┌────────

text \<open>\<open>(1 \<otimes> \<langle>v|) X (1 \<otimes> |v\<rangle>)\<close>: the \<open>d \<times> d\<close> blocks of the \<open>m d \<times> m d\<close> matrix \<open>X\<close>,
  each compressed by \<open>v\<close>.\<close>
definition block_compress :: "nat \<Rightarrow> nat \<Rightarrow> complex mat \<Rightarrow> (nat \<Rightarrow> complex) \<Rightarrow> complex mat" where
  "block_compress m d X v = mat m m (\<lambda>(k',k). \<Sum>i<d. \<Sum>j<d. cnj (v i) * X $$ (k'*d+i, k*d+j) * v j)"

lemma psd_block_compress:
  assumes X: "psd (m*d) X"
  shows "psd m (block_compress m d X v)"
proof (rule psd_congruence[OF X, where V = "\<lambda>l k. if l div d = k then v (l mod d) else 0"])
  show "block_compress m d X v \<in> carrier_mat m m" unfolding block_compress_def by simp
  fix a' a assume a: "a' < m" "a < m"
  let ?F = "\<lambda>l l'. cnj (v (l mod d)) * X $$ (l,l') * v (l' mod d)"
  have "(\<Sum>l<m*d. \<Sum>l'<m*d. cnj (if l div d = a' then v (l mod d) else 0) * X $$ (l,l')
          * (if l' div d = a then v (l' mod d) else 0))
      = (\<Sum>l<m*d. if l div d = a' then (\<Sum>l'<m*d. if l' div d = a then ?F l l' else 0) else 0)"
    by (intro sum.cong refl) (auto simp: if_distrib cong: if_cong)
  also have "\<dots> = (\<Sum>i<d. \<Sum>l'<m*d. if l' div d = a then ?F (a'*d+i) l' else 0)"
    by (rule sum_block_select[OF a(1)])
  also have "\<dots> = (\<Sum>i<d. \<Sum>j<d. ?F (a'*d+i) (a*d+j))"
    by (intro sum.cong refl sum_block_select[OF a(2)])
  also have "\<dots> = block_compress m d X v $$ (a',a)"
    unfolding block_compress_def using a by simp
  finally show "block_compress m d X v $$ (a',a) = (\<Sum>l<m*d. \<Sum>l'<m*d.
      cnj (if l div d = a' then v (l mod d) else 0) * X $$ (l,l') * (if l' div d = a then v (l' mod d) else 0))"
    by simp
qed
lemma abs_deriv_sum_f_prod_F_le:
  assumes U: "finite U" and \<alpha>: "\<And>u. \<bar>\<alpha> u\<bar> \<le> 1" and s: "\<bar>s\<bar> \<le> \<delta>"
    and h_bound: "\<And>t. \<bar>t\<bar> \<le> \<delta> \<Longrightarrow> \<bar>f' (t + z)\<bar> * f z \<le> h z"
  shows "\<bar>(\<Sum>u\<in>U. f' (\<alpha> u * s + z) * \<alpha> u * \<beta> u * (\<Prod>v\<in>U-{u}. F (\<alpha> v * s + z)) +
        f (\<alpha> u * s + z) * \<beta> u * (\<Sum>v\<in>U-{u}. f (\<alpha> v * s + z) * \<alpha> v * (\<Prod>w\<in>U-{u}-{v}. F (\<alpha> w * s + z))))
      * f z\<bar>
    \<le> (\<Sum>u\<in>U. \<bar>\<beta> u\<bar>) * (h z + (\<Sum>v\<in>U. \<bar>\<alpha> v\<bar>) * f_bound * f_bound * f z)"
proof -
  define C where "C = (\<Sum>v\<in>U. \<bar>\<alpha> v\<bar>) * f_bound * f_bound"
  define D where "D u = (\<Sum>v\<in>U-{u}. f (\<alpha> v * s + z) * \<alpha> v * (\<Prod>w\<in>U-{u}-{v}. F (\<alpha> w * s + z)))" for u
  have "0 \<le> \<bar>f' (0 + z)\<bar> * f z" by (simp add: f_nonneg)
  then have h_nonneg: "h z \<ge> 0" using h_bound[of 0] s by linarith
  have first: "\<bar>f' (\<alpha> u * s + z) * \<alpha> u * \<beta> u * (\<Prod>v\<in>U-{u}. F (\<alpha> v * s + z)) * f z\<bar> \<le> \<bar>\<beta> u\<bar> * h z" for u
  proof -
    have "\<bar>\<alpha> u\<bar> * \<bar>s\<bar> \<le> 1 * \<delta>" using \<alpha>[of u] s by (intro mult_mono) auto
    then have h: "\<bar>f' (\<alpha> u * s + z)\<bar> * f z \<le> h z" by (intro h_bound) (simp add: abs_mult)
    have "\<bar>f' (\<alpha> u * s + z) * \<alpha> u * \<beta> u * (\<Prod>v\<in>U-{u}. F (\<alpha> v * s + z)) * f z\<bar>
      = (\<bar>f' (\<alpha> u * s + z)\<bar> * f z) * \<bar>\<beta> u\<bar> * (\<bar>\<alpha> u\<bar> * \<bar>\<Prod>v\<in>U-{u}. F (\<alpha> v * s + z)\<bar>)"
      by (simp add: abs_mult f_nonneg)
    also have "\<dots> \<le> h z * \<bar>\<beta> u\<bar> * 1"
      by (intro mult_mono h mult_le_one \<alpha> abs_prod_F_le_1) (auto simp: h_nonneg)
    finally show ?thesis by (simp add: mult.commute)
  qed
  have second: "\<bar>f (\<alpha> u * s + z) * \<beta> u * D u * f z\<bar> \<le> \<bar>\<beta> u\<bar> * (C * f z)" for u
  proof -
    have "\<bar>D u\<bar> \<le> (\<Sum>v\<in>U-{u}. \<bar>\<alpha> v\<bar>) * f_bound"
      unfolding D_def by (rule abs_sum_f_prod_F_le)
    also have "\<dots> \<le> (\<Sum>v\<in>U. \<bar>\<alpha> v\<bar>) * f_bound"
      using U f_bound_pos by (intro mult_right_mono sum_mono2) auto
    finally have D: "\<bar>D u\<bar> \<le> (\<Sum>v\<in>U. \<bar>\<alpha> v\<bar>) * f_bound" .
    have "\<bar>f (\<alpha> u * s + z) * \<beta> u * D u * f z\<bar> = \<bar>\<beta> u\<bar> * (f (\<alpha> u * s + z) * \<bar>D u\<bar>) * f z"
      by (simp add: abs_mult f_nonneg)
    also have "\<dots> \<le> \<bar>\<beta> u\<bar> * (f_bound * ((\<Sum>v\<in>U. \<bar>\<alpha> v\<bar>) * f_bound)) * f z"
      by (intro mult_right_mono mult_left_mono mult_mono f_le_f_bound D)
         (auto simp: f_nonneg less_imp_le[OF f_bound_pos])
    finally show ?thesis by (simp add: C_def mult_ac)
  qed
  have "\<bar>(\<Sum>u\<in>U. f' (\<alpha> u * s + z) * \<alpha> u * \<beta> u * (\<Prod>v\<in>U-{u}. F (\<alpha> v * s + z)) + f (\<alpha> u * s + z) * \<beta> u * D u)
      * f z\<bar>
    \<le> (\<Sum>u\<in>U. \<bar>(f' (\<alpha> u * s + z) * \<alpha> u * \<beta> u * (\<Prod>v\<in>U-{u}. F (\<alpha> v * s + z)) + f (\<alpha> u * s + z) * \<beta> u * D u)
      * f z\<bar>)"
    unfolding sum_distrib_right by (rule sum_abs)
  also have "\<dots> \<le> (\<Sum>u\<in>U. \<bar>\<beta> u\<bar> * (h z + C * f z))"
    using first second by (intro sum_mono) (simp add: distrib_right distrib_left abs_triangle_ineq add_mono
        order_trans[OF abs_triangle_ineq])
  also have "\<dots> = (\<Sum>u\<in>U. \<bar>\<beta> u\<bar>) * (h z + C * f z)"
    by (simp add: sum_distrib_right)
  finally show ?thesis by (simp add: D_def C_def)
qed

└────────
┌────────

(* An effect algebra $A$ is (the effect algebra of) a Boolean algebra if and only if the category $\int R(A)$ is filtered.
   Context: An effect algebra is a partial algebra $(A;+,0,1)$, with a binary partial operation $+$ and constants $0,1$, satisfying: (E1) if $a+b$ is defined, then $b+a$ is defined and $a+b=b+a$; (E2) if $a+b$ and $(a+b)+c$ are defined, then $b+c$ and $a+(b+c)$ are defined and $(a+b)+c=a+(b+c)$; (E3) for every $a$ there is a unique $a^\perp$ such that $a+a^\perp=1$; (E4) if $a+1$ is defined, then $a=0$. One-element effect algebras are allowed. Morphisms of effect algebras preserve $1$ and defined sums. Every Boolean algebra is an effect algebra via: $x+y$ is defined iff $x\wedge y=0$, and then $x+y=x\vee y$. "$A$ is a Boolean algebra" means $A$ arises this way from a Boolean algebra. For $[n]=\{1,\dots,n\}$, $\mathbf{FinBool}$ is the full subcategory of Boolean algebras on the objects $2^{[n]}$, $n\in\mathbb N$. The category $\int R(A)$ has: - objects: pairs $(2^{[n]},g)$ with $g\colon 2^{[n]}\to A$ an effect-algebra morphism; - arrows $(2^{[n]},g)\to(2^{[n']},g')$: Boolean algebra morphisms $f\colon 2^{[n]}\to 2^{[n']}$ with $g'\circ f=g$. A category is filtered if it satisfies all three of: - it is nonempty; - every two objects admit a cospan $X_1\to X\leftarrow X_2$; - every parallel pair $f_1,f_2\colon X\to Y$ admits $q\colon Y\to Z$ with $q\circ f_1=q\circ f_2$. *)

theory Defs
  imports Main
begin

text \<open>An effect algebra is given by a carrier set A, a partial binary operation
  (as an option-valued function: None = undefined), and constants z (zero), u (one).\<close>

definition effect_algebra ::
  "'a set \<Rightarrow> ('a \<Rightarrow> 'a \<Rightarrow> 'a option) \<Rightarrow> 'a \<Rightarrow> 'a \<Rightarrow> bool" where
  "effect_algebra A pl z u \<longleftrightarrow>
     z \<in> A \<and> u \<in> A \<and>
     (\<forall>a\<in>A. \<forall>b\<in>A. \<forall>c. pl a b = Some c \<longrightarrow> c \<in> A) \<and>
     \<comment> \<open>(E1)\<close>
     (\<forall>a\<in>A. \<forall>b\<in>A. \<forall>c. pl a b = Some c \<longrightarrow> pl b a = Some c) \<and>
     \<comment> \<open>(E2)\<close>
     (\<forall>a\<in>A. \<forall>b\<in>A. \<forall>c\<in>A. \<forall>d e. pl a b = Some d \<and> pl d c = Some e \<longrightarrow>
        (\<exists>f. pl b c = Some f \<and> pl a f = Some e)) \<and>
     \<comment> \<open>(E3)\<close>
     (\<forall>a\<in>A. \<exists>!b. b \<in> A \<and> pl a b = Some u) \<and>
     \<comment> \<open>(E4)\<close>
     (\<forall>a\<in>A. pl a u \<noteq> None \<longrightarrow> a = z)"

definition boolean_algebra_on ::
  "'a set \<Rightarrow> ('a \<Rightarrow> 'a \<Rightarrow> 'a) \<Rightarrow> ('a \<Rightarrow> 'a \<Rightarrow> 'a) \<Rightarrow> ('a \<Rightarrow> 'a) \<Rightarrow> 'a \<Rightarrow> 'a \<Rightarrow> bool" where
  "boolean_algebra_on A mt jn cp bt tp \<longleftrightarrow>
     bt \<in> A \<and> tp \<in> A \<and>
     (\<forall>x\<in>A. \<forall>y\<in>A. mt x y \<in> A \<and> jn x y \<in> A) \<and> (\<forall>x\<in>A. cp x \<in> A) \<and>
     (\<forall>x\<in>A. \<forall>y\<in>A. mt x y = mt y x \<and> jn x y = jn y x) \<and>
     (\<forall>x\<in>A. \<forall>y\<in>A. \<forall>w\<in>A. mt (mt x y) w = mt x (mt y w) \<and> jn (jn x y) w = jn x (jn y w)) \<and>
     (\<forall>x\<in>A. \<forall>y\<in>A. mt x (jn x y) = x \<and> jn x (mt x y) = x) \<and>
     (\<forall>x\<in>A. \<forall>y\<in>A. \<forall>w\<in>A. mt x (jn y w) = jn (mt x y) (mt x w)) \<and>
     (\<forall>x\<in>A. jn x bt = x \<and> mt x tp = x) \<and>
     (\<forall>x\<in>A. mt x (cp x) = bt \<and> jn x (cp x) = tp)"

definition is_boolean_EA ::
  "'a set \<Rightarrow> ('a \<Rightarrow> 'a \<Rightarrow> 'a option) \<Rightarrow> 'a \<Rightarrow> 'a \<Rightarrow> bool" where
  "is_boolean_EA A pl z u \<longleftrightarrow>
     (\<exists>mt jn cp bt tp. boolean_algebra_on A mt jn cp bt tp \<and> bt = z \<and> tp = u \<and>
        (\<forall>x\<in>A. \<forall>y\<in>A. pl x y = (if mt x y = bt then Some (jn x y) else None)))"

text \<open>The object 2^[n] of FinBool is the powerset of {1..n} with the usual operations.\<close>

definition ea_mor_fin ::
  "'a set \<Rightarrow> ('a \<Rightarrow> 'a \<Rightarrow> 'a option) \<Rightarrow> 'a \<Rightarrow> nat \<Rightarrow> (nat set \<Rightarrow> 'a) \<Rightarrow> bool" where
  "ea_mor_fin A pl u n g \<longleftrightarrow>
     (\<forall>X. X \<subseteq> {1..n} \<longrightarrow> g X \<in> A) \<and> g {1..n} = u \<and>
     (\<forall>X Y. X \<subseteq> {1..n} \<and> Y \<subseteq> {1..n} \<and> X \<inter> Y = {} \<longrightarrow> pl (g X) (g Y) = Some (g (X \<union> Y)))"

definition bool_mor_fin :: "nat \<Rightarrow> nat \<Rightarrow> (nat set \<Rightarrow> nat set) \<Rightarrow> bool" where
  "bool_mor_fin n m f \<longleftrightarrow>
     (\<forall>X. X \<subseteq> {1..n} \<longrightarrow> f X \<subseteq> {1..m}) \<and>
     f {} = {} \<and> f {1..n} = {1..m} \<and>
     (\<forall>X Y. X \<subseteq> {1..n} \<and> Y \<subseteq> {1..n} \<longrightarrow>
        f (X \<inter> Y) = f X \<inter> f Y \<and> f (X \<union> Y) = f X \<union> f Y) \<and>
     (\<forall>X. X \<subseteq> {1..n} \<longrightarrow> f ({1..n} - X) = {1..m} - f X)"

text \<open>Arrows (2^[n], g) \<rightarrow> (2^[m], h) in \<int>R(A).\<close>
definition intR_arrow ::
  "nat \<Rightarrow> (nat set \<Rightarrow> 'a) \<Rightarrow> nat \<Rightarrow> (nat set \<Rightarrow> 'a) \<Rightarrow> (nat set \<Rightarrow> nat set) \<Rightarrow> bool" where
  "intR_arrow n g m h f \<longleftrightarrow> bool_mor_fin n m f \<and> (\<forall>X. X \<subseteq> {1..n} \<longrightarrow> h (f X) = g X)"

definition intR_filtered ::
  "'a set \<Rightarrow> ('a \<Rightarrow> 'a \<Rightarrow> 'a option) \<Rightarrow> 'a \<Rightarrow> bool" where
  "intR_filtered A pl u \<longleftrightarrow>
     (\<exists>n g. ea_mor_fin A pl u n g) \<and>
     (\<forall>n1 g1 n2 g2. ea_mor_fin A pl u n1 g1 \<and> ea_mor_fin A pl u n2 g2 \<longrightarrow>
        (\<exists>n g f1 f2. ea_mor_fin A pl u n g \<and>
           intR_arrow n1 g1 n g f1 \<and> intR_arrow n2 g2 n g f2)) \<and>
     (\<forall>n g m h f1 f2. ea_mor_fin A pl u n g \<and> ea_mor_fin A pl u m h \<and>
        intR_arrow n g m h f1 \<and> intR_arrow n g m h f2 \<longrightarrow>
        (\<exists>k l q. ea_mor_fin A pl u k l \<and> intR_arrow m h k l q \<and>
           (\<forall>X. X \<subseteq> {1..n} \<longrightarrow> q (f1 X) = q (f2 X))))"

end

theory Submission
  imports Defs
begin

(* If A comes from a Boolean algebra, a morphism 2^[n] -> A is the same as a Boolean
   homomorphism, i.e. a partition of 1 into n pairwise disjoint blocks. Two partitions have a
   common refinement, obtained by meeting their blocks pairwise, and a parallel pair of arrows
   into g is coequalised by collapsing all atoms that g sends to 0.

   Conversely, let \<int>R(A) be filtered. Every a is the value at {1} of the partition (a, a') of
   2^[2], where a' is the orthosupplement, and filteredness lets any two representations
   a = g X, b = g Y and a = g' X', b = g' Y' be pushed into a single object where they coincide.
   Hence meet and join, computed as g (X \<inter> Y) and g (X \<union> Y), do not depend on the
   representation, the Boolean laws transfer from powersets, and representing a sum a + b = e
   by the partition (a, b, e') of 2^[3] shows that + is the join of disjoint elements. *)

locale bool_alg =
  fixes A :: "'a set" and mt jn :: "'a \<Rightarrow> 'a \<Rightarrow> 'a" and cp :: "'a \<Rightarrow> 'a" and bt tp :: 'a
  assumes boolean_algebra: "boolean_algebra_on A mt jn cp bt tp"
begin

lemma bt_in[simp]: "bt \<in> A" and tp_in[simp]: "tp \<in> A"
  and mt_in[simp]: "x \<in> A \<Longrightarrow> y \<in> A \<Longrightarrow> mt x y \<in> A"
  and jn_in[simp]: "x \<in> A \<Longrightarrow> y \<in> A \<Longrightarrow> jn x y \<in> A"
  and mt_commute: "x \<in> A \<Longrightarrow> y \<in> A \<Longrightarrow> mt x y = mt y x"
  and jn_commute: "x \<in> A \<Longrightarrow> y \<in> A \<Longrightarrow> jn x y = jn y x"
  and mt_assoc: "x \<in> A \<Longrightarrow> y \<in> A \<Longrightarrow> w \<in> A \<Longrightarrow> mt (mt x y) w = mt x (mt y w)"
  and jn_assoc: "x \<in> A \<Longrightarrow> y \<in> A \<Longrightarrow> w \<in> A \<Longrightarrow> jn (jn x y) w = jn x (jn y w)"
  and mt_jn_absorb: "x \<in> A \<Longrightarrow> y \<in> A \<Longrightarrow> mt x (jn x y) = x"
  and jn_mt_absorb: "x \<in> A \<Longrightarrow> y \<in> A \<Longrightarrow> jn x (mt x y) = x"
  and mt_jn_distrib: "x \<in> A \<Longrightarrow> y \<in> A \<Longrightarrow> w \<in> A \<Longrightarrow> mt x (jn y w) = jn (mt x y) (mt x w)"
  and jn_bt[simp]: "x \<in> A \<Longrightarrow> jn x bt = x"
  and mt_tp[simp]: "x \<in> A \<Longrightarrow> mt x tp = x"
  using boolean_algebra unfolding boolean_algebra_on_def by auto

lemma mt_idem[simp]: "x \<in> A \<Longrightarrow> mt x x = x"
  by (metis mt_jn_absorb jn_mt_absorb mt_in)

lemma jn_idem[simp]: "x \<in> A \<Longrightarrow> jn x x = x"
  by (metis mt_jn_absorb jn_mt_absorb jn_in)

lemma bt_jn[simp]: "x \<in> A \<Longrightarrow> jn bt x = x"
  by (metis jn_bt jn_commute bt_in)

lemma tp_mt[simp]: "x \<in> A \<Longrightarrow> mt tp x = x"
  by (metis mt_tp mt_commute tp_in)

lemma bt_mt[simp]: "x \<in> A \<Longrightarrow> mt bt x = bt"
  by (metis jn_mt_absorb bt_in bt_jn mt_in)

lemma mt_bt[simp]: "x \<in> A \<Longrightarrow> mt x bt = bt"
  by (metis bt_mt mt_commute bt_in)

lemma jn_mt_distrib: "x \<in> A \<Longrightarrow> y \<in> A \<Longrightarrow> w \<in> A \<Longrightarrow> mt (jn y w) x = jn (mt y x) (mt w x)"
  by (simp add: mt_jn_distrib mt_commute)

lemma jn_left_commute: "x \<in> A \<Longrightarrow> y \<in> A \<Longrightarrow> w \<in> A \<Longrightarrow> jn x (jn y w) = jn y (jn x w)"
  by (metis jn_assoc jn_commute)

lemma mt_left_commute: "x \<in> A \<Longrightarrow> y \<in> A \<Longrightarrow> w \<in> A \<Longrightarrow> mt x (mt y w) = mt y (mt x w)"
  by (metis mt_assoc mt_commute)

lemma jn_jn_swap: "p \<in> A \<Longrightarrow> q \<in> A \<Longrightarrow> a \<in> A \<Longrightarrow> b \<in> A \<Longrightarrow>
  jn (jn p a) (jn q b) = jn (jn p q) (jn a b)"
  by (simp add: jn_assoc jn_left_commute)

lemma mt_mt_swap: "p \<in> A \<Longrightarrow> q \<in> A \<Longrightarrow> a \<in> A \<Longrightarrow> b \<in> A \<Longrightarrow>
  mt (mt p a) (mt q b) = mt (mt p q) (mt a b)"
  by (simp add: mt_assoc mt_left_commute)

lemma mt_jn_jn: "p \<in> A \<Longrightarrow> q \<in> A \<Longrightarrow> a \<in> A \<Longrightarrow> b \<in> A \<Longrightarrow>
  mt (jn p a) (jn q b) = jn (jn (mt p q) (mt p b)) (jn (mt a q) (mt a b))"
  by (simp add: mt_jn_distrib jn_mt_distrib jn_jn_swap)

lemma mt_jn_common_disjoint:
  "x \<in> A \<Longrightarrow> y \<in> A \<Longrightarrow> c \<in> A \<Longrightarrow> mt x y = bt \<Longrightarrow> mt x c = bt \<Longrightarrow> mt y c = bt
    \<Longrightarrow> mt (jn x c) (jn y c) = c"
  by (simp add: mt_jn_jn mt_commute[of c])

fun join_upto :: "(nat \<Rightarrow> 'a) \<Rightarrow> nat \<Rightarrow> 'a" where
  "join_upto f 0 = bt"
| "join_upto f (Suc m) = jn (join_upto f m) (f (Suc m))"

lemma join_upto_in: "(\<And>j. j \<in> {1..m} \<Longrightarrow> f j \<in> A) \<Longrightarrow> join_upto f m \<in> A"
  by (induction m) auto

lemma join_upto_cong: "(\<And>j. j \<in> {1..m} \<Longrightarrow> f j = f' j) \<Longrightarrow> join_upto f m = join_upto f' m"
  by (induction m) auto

└────────
┌────────

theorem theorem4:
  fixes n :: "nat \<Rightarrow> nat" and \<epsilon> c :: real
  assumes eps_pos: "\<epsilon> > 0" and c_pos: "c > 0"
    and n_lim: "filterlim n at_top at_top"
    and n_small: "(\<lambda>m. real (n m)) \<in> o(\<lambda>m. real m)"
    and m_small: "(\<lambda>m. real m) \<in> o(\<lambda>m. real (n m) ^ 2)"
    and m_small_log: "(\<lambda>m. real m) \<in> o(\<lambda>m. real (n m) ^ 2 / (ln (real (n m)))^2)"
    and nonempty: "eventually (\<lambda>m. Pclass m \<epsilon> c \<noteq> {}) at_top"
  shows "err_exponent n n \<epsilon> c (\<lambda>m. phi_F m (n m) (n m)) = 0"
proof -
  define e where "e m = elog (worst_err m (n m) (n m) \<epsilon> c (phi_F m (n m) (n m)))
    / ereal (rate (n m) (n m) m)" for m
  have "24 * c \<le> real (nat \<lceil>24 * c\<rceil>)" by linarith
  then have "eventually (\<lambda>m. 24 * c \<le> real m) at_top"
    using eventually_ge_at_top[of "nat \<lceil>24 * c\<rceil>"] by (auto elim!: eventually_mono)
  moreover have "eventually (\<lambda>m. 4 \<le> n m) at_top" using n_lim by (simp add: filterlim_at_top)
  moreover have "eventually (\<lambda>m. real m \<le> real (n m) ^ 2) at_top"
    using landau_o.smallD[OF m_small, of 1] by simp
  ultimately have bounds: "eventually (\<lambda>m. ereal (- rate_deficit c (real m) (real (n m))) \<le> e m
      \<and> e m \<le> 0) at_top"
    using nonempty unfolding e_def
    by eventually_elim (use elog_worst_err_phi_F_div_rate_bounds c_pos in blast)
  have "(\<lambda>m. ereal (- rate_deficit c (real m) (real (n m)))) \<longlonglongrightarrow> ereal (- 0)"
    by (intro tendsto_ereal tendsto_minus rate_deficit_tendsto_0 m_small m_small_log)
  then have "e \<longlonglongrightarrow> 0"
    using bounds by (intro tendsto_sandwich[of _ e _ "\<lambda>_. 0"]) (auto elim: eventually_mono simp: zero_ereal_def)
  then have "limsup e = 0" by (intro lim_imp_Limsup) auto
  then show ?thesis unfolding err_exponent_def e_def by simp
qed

└────────

Problem details:
The word to find is "shows". Copy every line of the data that holds it.

Finished exercise:
  shows "psd m (block_compress m d X v)"
  shows "\<bar>(\<Sum>u\<in>U. f' (\<alpha> u * s + z) * \<alpha> u * \<beta> u * (\<Prod>v\<in>U-{u}. F (\<alpha> v * s + z)) +
   by the partition (a, b, e') of 2^[3] shows that + is the join of disjoint elements. *)
  shows "err_exponent n n \<epsilon> c (\<lambda>m. phi_F m (n m) (n m)) = 0"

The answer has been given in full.